Note that this function does not currently support resetting IPUs that are running in parallel Python threads.
- class tensorflow.python.ipu.config.IPUConfig
- allow_recompute: bool = False
Whether or not to recompute instructions during training. If this is enabled then we will attempt to pattern match instructions/pipeline stages in the forward pass and recompute them in the backward pass to avoid having to preserve activations which increase the maximum memory liveness. Enabling this option can reduce memory usage at the expense of extra computation. Stateful operations cannot be recomputed.
- selection_order: SelectionOrder = SelectionOrder.AUTO
The order in which IPUs are selected and mapped to physical IPU devices when using multi-IPU devices. Must be one of
SelectionOrder
.
- serialization_output_folder: str = ""
Specifies the directory in which serialized Poplar executables will be saved. The value must be a valid path. The default (“”) disables executable serialization.
- compilation_poplar_options: dict = {}
Set the Poplar compilation options for the session. Must be a dictionary of valid Poplar compilation flags. See the
Engine
class in the Poplar API reference for the full list of options.
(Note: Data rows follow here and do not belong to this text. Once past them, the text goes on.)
(* In the setup below, with the $a_i,b_i,c_{i,j}$ fixed, $$\lim_{t\to0}\frac{\det\bigl(\langle\gamma_{s,t},\alpha_j\rangle\bigr)_{s\in S,\,1\le j\le g}}{\log^g|t|}=\pm1,$$ where $\alpha_1,\dots,\alpha_g$ are the elements $R(1;1,j|2;1,m)$ ($1<j\le N_1$, $1<m\le N_2$), $T(1,1|k,l|m,n)$ ($2\le k<m\le N$, $1\le l\le N_k$, $1\le n\le N_m$), $T(1,j|2,1|m,n)$ ($2\le j\le N_1$, $3\le m\le N$, $1\le n\le N_m$) of $K_2^T(X_t)$.
   Context: Let $N\ge2$, $N_i\ge1$, and $L_{i,j}=a_ix+b_iy+c_{i,j}$ ($1\le i\le N$, $1\le j\le N_i$) complex non-constant polynomials defining pairwise distinct lines, with $[i,k]:=a_ib_k-a_kb_i\ne0$ for $i\ne k$; assume no three of the lines $L_{i,j}=0$ meet in an affine point. For $t\in\mathbb C$ let $X_t$ be the normalisation of the projective closure of $\prod_{i,j}L_{i,j}=t$; for $t\ne0$ small it is a smooth compact Riemann surface of genus $g=\sum_{i<k}N_iN_k-\sum_iN_i+1$. In its function field, $R(i;j,k|l;m,n)=\{L_{i,j}/L_{i,k},L_{l,m}/L_{l,n}\}$ ($i\ne l$) and $T(i,j|k,l|m,n)=\bigl\{\frac{[i,m]}{[k,m]}\frac{L_{k,l}}{L_{i,j}},\frac{[i,k]}{[m,k]}\frac{L_{m,n}}{L_{i,j}}\bigr\}$ ($i,k,m$ distinct) are elements of $K_2^T(X_t)$ (kernel of all tame symbols). Regulator pairing: $\langle\gamma,\alpha\rangle=\frac1{2\pi}\int_\gamma\eta(\alpha)$, where $\eta$ is extended additively from $\eta(\{a,b\})=\log|a|\,d\arg b-\log|b|\,d\arg a$, for loops $\gamma$ avoiding zeroes and poles. Let $P_{i,j;k,l}$ be the intersection point of $L_{i,j}=0$ and $L_{k,l}=0$, $S=\{P_{i,j;k,l}:1\le i<k\le N,(i,j)\ne(1,1),(i,k,l)\ne(1,2,1)\}$ ($g$ elements). Loops: choose coordinates such that $x$-projection of $X_0$ is unramified away from intersection points and distinct intersection points have distinct $x$-coordinates; for $s$ an intersection point, a line $L$ through $s$ and a small circle $\gamma'$ around the $x$-coordinate of $s$, $\gamma_{s,0}$ is the lift of $\gamma'$ into $L$ and $\gamma_{s,t}\subset X_t$ is its continuous deformation lifting $\gamma'$ for small $t$ (a closed loop near $s$). *)

theory Defs
  imports "HOL-Analysis.Analysis" "Jordan_Normal_Form.Determinant"
begin

text \<open>Points of the affine plane C^2 are pairs (x,y). The lines are indexed 1-based:
  group i in 1..N, member j in 1..Nn i.\<close>

type_synonym pt = "complex \<times> complex"

definition Lf :: "(nat \<Rightarrow> complex) \<Rightarrow> (nat \<Rightarrow> complex) \<Rightarrow> (nat \<Rightarrow> nat \<Rightarrow> complex)
    \<Rightarrow> nat \<Rightarrow> nat \<Rightarrow> pt \<Rightarrow> complex" where
  "Lf a b c i j p = a i * fst p + b i * snd p + c i j"

definition br :: "(nat \<Rightarrow> complex) \<Rightarrow> (nat \<Rightarrow> complex) \<Rightarrow> nat \<Rightarrow> nat \<Rightarrow> complex" where
  "br a b i k = a i * b k - a k * b i"

text \<open>intersection point P_{i,j;k,l} of L_{i,j}=0 and L_{k,l}=0 (Cramer's rule, i, k distinct)\<close>
definition Pt :: "(nat \<Rightarrow> complex) \<Rightarrow> (nat \<Rightarrow> complex) \<Rightarrow> (nat \<Rightarrow> nat \<Rightarrow> complex)
    \<Rightarrow> nat \<Rightarrow> nat \<Rightarrow> nat \<Rightarrow> nat \<Rightarrow> pt" where
  "Pt a b c i j k l =
     ((b i * c k l - b k * c i j) / br a b i k, (a k * c i j - a i * c k l) / br a b i k)"

definition Fprod :: "(nat \<Rightarrow> complex) \<Rightarrow> (nat \<Rightarrow> complex) \<Rightarrow> (nat \<Rightarrow> nat \<Rightarrow> complex)
    \<Rightarrow> nat \<Rightarrow> (nat \<Rightarrow> nat) \<Rightarrow> pt \<Rightarrow> complex" where
  "Fprod a b c N Nn p = (\<Prod>i\<in>{1..N}. \<Prod>j\<in>{1..Nn i}. Lf a b c i j p)"

type_synonym symb = "(pt \<Rightarrow> complex) \<times> (pt \<Rightarrow> complex)"

text \<open>Regulator pairing of a (piecewise smooth) loop gamma : [0,1] -> C^2 with a symbol {f,g}:
  (1/2pi) times the integral over the loop of log|f| d arg g - log|g| d arg f, where
  d arg h along the loop is Im((h o gamma)' / (h o gamma)) d theta.\<close>
definition pairing :: "(real \<Rightarrow> pt) \<Rightarrow> symb \<Rightarrow> real" where
  "pairing \<gamma> \<alpha> = (let f = fst \<alpha>; g = snd \<alpha> in
     integral {0..1} (\<lambda>\<theta>.
        ln (cmod (f (\<gamma> \<theta>))) *
          Im (vector_derivative (\<lambda>u. g (\<gamma> u)) (at \<theta> within {0..1}) / g (\<gamma> \<theta>))
      - ln (cmod (g (\<gamma> \<theta>))) *
          Im (vector_derivative (\<lambda>u. f (\<gamma> u)) (at \<theta> within {0..1}) / f (\<gamma> \<theta>)))
     / (2 * pi))"

definition Rsym :: "(nat \<Rightarrow> complex) \<Rightarrow> (nat \<Rightarrow> complex) \<Rightarrow> (nat \<Rightarrow> nat \<Rightarrow> complex)
    \<Rightarrow> nat \<Rightarrow> nat \<Rightarrow> nat \<Rightarrow> nat \<Rightarrow> nat \<Rightarrow> nat \<Rightarrow> symb" where
  "Rsym a b c i j k l m n =
     (\<lambda>p. Lf a b c i j p / Lf a b c i k p, \<lambda>p. Lf a b c l m p / Lf a b c l n p)"

definition Tsym :: "(nat \<Rightarrow> complex) \<Rightarrow> (nat \<Rightarrow> complex) \<Rightarrow> (nat \<Rightarrow> nat \<Rightarrow> complex)
    \<Rightarrow> nat \<Rightarrow> nat \<Rightarrow> nat \<Rightarrow> nat \<Rightarrow> nat \<Rightarrow> nat \<Rightarrow> symb" where
  "Tsym a b c i j k l m n =
     (\<lambda>p. br a b i m / br a b k m * Lf a b c k l p / Lf a b c i j p,
      \<lambda>p. br a b i k / br a b m k * Lf a b c m n p / Lf a b c i j p)"

text \<open>Labels of the elements alpha_1..alpha_g: RT j m stands for R(1;1,j|2;1,m),
  TT i j k l m n stands for T(i,j|k,l|m,n).\<close>
datatype atag = RT nat nat | TT nat nat nat nat nat nat

fun alpha_of :: "(nat \<Rightarrow> complex) \<Rightarrow> (nat \<Rightarrow> complex) \<Rightarrow> (nat \<Rightarrow> nat \<Rightarrow> complex)
    \<Rightarrow> atag \<Rightarrow> symb" where
  "alpha_of a b c (RT j m) = Rsym a b c 1 1 j 2 1 m"
| "alpha_of a b c (TT i j k l m n) = Tsym a b c i j k l m n"

definition alpha_tags :: "nat \<Rightarrow> (nat \<Rightarrow> nat) \<Rightarrow> atag set" where
  "alpha_tags N Nn =
     {RT j m | j m. 1 < j \<and> j \<le> Nn 1 \<and> 1 < m \<and> m \<le> Nn 2}
   \<union> {TT 1 1 k l m n | k l m n. 2 \<le> k \<and> k < m \<and> m \<le> N \<and> 1 \<le> l \<and> l \<le> Nn k
        \<and> 1 \<le> n \<and> n \<le> Nn m}
   \<union> {TT 1 j 2 1 m n | j m n. 2 \<le> j \<and> j \<le> Nn 1 \<and> 3 \<le> m \<and> m \<le> N
        \<and> 1 \<le> n \<and> n \<le> Nn m}"

text \<open>Index tuples (i,j,k,l) of the points of S; the point is Pt a b c i j k l.
  Since no three lines are concurrent, distinct tuples give distinct points.\<close>
definition S_idx :: "nat \<Rightarrow> (nat \<Rightarrow> nat) \<Rightarrow> (nat \<times> nat \<times> nat \<times> nat) set" where
  "S_idx N Nn = {(i,j,k,l). 1 \<le> i \<and> i < k \<and> k \<le> N \<and> 1 \<le> j \<and> j \<le> Nn i
      \<and> 1 \<le> l \<and> l \<le> Nn k \<and> (i,j) \<noteq> (1,1) \<and> (i,k,l) \<noteq> (1,2,1)}"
- gcl_poplar_options: dict = {}
Set the IPU options for the Graphcore Communication Library. Must be a dictionary of valid GCL options. See the
allReduce
function in the GCL API reference for the full list of options. The options will be applied to all applicable GCL collective operations in the graph during compilation.
- auto_select_ipus: Union[int, List[int], Tuple[int, ...]] = []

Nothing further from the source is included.